• _Task to carry out_
Nothing but a number is needed: the count of lines below that include "affine".

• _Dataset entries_
........

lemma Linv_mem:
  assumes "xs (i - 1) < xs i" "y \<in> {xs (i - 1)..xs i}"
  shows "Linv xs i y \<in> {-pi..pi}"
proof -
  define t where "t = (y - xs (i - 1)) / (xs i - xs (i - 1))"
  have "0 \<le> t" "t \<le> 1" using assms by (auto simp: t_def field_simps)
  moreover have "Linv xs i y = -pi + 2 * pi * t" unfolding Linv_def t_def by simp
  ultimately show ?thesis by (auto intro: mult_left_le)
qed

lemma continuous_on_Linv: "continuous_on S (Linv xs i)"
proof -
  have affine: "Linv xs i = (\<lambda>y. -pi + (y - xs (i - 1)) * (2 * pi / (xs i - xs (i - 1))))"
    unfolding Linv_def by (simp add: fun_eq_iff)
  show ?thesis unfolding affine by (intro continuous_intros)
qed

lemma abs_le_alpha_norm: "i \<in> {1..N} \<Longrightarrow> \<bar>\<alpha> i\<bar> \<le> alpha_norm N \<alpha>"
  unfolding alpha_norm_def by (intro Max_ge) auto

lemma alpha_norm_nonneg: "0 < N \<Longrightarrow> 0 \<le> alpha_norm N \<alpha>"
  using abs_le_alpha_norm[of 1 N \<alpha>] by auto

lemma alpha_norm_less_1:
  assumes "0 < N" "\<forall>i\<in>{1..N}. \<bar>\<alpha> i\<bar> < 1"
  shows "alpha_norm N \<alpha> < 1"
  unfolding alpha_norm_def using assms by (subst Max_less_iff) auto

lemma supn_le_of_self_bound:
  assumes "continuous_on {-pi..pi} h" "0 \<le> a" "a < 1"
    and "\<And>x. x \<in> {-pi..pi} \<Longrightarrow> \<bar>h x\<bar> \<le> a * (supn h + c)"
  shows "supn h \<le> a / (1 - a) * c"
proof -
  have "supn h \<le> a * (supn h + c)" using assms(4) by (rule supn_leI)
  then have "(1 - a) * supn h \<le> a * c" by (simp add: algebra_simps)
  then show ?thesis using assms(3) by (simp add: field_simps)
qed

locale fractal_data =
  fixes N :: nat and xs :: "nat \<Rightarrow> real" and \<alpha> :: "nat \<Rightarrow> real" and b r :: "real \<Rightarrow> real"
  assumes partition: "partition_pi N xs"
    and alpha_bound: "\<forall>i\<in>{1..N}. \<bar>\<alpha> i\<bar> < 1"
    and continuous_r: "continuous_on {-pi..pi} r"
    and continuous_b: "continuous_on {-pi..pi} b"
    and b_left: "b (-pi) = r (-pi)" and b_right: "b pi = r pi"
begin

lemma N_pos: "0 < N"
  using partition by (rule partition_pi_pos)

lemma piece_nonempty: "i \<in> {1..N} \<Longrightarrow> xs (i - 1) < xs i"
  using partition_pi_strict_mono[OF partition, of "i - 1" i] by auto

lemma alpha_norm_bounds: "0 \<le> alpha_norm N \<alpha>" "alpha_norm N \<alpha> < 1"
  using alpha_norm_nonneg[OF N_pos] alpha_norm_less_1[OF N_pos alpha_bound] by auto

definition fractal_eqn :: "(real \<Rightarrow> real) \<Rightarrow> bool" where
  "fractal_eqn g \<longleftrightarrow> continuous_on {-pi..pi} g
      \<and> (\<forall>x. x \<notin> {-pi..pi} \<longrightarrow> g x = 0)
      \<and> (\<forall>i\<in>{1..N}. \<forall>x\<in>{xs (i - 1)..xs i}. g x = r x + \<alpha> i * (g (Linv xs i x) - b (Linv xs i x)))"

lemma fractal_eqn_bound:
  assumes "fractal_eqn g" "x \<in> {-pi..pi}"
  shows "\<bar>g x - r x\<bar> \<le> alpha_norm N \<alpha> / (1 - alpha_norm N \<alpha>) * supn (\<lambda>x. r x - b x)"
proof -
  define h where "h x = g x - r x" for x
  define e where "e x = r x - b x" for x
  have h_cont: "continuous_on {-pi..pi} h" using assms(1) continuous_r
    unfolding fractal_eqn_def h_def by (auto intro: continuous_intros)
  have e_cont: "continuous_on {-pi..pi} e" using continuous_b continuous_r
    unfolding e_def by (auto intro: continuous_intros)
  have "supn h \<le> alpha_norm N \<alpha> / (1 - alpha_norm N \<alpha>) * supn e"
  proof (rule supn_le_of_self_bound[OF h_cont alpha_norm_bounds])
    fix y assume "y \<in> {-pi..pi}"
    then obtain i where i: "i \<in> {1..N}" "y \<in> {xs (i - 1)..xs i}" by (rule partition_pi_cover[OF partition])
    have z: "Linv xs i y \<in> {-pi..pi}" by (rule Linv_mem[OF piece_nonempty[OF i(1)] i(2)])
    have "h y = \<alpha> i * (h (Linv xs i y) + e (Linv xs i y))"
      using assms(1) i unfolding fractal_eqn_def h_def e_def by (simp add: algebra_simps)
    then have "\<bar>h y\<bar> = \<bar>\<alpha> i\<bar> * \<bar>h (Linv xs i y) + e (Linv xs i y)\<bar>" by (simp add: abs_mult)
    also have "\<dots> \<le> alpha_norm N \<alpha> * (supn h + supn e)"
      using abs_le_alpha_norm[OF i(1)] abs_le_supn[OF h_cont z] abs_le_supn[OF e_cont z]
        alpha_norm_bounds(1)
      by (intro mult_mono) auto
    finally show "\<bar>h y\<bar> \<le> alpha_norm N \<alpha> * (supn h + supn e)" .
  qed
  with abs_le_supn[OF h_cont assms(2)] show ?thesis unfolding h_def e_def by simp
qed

........

• _Response for this exercise_
2